The researchers' findings also may lead to a better understanding of the role of stem cells in cancer development, a subject of intense scientific interest. In tracking the life span of the mother-yeast cells, which are largely analogous to stem cells in humans, they found that the mothers retained their genetic integrity as they aged - only their daughters inherited chromosomal defects.

"If you think of mother cells as stem cells, then the discovery that the offspring of aging mother-yeast cells have an increased rate of genomic instability fits with the idea that age-associated effects on stem cells could relate to the age-associated increase in cancer," said McMurray, a graduate student in the joint Fred Hutchinson/University of Washington Molecular and Cellular Biology Program. "The theories about mutation, stem cells and cancer that have been floating around for years may now have some correlates in the microbial world. This might point to a fundamental relationship between cellular aging and genomic instability and, in particular, how aging cells manifest that instability."

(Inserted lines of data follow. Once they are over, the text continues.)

lemma trace_eq_append_context:
  assumes "trace_eq R u u'"
  shows "trace_eq R (x @ u @ y) (x @ u' @ y)"
proof -
  have "equivclp (swap_step R) ((\<lambda>w. x @ w @ y) u) ((\<lambda>w. x @ w @ y) u')"
    using assms unfolding trace_eq_def
  proof (rule equivclp_map)
    fix u v assume "swap_step R u v"
    then obtain x' y' a b where "(a, b) \<notin> R" "u = x' @ [a, b] @ y'" "v = x' @ [b, a] @ y'"
      by (auto simp: swap_step_def)
    then have "swap_step R (x @ u @ y) (x @ v @ y)"
      unfolding swap_step_def
      by (intro exI[of _ "x @ x'"] exI[of _ "y' @ y"] exI[of _ a] exI[of _ b]) simp
    then show "x @ u @ y = x @ v @ y \<or> swap_step R (x @ u @ y) (x @ v @ y)" ..
  qed
  then show ?thesis by (simp add: trace_eq_def)
qed

lemma trace_eq_append:
  assumes "trace_eq R u u'" "trace_eq R v v'"
  shows "trace_eq R (u @ v) (u' @ v')"
  using trace_eq_append_context[OF assms(1), of "[]" v] trace_eq_append_context[OF assms(2), of u' "[]"]
  by (auto intro: trace_eq_trans)

fun del_last :: "'a \<Rightarrow> 'a list \<Rightarrow> 'a list" where
  "del_last a [] = []"
| "del_last a (x # xs) = (if a \<in> set xs then x # del_last a xs else if x = a then xs else x # xs)"

lemma del_last_notin: "a \<notin> set u \<Longrightarrow> del_last a u = u"
  by (induction u) auto

lemma del_last_append: "del_last a (u @ v) = (if a \<in> set v then u @ del_last a v else del_last a u @ v)"
  by (induction u) (auto simp: del_last_notin)

lemma del_last_snoc [simp]: "del_last a (u @ [a]) = u"
  by (simp add: del_last_append)

lemma del_last_snoc_other [simp]: "b \<noteq> a \<Longrightarrow> del_last a (u @ [b]) = del_last a u @ [b]"
  by (simp add: del_last_append)

lemma swap_step_del_last:
  assumes "swap_step R u v"
  shows "del_last a u = del_last a v \<or> swap_step R (del_last a u) (del_last a v)"
proof -
  obtain x y c d where cd: "(c, d) \<notin> R" "u = x @ [c, d] @ y" "v = x @ [d, c] @ y"
    using assms by (auto simp: swap_step_def)
  consider "a \<in> set y" | "a \<notin> set y" "a = c \<or> a = d" | "a \<notin> set y" "a \<noteq> c" "a \<noteq> d"
    by blast
  then show ?thesis
  proof cases
    case 1
    then show ?thesis using cd by (auto simp: del_last_append swap_step_def)
  next
    case 2
    then show ?thesis using cd by (auto simp: del_last_append)
  next
    case 3
    then have "del_last a u = del_last a x @ [c, d] @ y" "del_last a v = del_last a x @ [d, c] @ y"
      using cd by (auto simp: del_last_append)
    then show ?thesis using cd(1) by (auto simp: swap_step_def)
  qed
qed

lemma trace_eq_del_last: "trace_eq R u v \<Longrightarrow> trace_eq R (del_last a u) (del_last a v)"
  unfolding trace_eq_def by (erule equivclp_map) (rule swap_step_del_last)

The fact that aging mother cells are protected from age-induced genetic instability also has evolutionary implications, McMurray said. "In yeast genetics, people historically have thought of the mother cell as being the trash bin that accumulates all the genetic bad stuff so that the daughters could be protected. But we found the opposite. The mother remains protected, which preserves her chance to produce more normal daughters."

If this evolutionary process is biologically conserved in human stem cells, Gottschling said, "It could explain a lot of the age-induced diseases that happen in people."

So if cancer is an inherent consequence of aging, are lifestyle interventions to prevent the disease -- such as eating right, not smoking and getting enough physical activity -- merely an exercise in futility?

"People should still keep eating their broccoli," Gottschling said. "Our yeast were on a diet equivalent to steak and potatoes. We had the mother cells growing in a very rich, nutrient-dense environment. They were, in essence, pigging out the whole time. We'd like to do similar experiments in which we put the yeast on a 'lean and mean' diet to see if we could delay the switch that triggers the genetic instability," he said. "Yeast promises to be an excellent model system for testing various environmental factors, such as caloric restriction, to get at the mechanisms of cancer initiation."

Yeast also has been an indispensable scientific tool for unraveling the mysteries of how cells divide. The lowly microbe, best known for its supporting role in baking bread and brewing beer, in 2001 gained new respect when Fred Hutchinson's president and director, Lee Hartwell, Ph.D., received the Nobel Prize in physiology or medicine for using brewer's yeast to uncover the genetic mechanisms of cell division. He shared the award with British researchers Timothy Hunt and Sir Paul Nurse.

"Yeast cells have been an informative model system for human cells, revealing many conserved aspects of cell biology. If this discovery -- a genetic instability that accompanies mother-cell aging in yeast -- turns out to apply to human stem cells as well, it would revolutionize our concepts of how cancer arises and how aging occurs," Hartwell said.

Gottschling's work was funded by a four-year Senior Scholar grant from the Ellison Medical Foundation Aging Program. Established by Larry Ellison, president of Oracle software, the foundation supports basic biomedical research on understanding aging processes and age-related diseases and disabilities. McMurray's work was supported by training grants from the National Science Foundation and National Institutes of Health.